Ethical hacking is by definition an authorized process of bypassing system firewalls and security to identify potential vulnerabilities that can be exploited in order to threaten a network. Where black hat hackers are focused on acquiring sensitive data and causing damage, ethical hackers are focused on using their knowledge to improve network security overall.

Cybercrime is the 2nd most reported economic crime affecting 32% of organizations. According to Varonis, hackers attack somewhere in the world every 39 seconds with the average cost of a breach being $3.92 million. If malicious hackers gain unauthorized access they can control or alter company websites, crash or lock down backend servers with malware, and steal personal employee details.

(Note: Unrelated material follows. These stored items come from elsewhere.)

lemma multilinear_bracket_contract:
  fixes br :: "'v::ab_group_add list \<Rightarrow> 'v"
  assumes "multilinear_bracket scale V (Suc m) br" and "a \<in> V 0"
  shows "multilinear_bracket scale V m (\<lambda>xs. br (a # xs))"
  unfolding multilinear_bracket_def
proof (intro conjI allI impI)
  fix xs :: "'v list" and i
  assume "length xs = m" "i < m"
  then have "Vector_Spaces.linear scale scale (\<lambda>y. br ((a # xs)[Suc i := y]))"
    using assms(1) unfolding multilinear_bracket_def by (metis Suc_mono length_Cons)
  then show "Vector_Spaces.linear scale scale (\<lambda>y. br (a # xs[i := y]))"
    by simp
next
  fix xs :: "'v list" and ds
  assume "length xs = m" "homog V xs ds"
  then show "br (a # xs) \<in> V (sum_list ds)"
    using assms unfolding multilinear_bracket_def by (metis homog_Cons length_Cons sum_list.Cons add_0)
qed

In addition to the damage a single breach can bring, another concern is that the exploits that black hat hackers used in a successful breach may go undocumented and unresolved.

Ethical hacking is synonymous with penetration testing as both provide solutions by taking similar actions with company authorization in order to identify and document vulnerabilities before they are exploited. The final stage of any ethical hacking process should result in detailed documentation of identified vulnerabilities and potential remediation actions, and white hat hackers can re-test and ensure security gaps are resolved.

To be effective in their roles, ethical hackers must study the mindset and techniques of black hat hackers and testers to learn how to identify and resolve vulnerabilities within the network. The range of skills required in order to act as an ethical hacker is vast, as it requires a master of processes, components, or programming languages that make up a network. White hat hackers will often specialize as subject matter experts (SME) in a focus area and operate in teams to ensure a holistic assessment of potential exploits.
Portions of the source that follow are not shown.